Data section
lemma kl_div_map_pmf_le:
  fixes J :: "'a pmf" and R :: "'b pmf" and f :: "'a \<Rightarrow> 'b" and q :: "'a \<Rightarrow> real"
  assumes fin: "finite (set_pmf J)"
    and q_pos: "\<And>x. x \<in> set_pmf J \<Longrightarrow> 0 < q x"
    and dominated: "\<And>y. (\<Sum>x | x \<in> set_pmf J \<and> f x = y. q x) \<le> pmf R y"
  shows "kl_div (map_pmf f J) R \<le> ereal (\<Sum>x\<in>set_pmf J. pmf J x * ln (pmf J x / q x))"
proof -
  define A where "A = set_pmf J"
  define P where "P = map_pmf f J"
  define \<rho> where "\<rho> y = pmf P y / pmf R y" for y
  have regroup: "(\<Sum>x\<in>A. g (f x) * h x) = (\<Sum>y\<in>f ` A. g y * (\<Sum>x | x \<in> A \<and> f x = y. h x))"
    for g h :: "_ \<Rightarrow> real"
    unfolding sum.image_gen[OF fin[folded A_def], of "\<lambda>x. g (f x) * h x" f]
    by (auto simp: sum_distrib_left intro!: sum.cong)
  have P_pos: "0 < pmf P (f x)" if "x \<in> A" for x
    using that by (simp add: P_def A_def pmf_positive)
  have R_pos: "0 < pmf R (f x)" if "x \<in> A" for x
  proof -
    have "q x \<le> (\<Sum>x' | x' \<in> A \<and> f x' = f x. q x')"
      using that fin q_pos by (intro member_le_sum) (auto simp: A_def intro: less_imp_le)
    then show ?thesis
      using q_pos[of x] that dominated[of "f x"] by (simp add: A_def)
  qed
  have "(\<Sum>y\<in>f ` A. pmf P y * ln (\<rho> y)) = (\<Sum>x\<in>A. ln (\<rho> (f x)) * pmf J x)"
    using regroup[of "\<lambda>y. ln (\<rho> y)" "pmf J"]
    by (simp add: P_def A_def mult.commute pmf_map_pmf_eq_sum[OF fin, of f])
  also have "\<dots> \<le> (\<Sum>x\<in>A. pmf J x * ln (pmf J x / q x) - pmf J x + \<rho> (f x) * q x)"
  proof (intro sum_mono)
    fix x assume "x \<in> A"
    then show "ln (\<rho> (f x)) * pmf J x \<le> pmf J x * ln (pmf J x / q x) - pmf J x + \<rho> (f x) * q x"
      using mult_ln_le_mult_ln_div_add[of "pmf J x" "q x" "\<rho> (f x)"] P_pos R_pos q_pos
      by (simp add: \<rho>_def A_def pmf_positive mult.commute)
  qed
  also have "\<dots> = (\<Sum>x\<in>A. pmf J x * ln (pmf J x / q x)) - 1
      + (\<Sum>y\<in>f ` A. \<rho> y * (\<Sum>x | x \<in> A \<and> f x = y. q x))"
    using regroup[of \<rho> q] sum_pmf_eq_1[OF fin order.refl]
    by (simp add: sum.distrib sum_subtractf A_def)
  finally have bound: "(\<Sum>y\<in>f ` A. pmf P y * ln (\<rho> y))
      \<le> (\<Sum>x\<in>A. pmf J x * ln (pmf J x / q x)) - 1
         + (\<Sum>y\<in>f ` A. \<rho> y * (\<Sum>x | x \<in> A \<and> f x = y. q x))" .
  have "(\<Sum>y\<in>f ` A. \<rho> y * (\<Sum>x | x \<in> A \<and> f x = y. q x)) \<le> (\<Sum>y\<in>f ` A. \<rho> y * pmf R y)"
    using dominated by (intro sum_mono mult_left_mono) (auto simp: \<rho>_def A_def)
  also have "\<dots> = (\<Sum>y\<in>set_pmf P. pmf P y)"
    using R_pos by (intro sum.cong) (force simp: \<rho>_def P_def A_def)+
  also have "\<dots> = 1"
    using fin by (simp add: sum_pmf_eq_1 P_def)
  finally have "(\<Sum>y\<in>f ` A. \<rho> y * (\<Sum>x | x \<in> A \<and> f x = y. q x)) \<le> 1" .
  moreover have "kl_div P R = ereal (\<Sum>y\<in>f ` A. pmf P y * ln (\<rho> y))"
    unfolding \<rho>_def using fin R_pos by (subst kl_div_eq_sum) (auto simp: P_def A_def)
  ultimately show ?thesis
    using bound by (simp add: P_def A_def)
qed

Task objective
Above are the entries; repeat their lines exactly, from the first through the one that contains "define \<rho> where".

Written answer
lemma kl_div_map_pmf_le:
  fixes J :: "'a pmf" and R :: "'b pmf" and f :: "'a \<Rightarrow> 'b" and q :: "'a \<Rightarrow> real"
  assumes fin: "finite (set_pmf J)"
    and q_pos: "\<And>x. x \<in> set_pmf J \<Longrightarrow> 0 < q x"
    and dominated: "\<And>y. (\<Sum>x | x \<in> set_pmf J \<and> f x = y. q x) \<le> pmf R y"
  shows "kl_div (map_pmf f J) R \<le> ereal (\<Sum>x\<in>set_pmf J. pmf J x * ln (pmf J x / q x))"
proof -
  define A where "A = set_pmf J"
  define P where "P = map_pmf f J"
  define \<rho> where "\<rho> y = pmf P y / pmf R y" for y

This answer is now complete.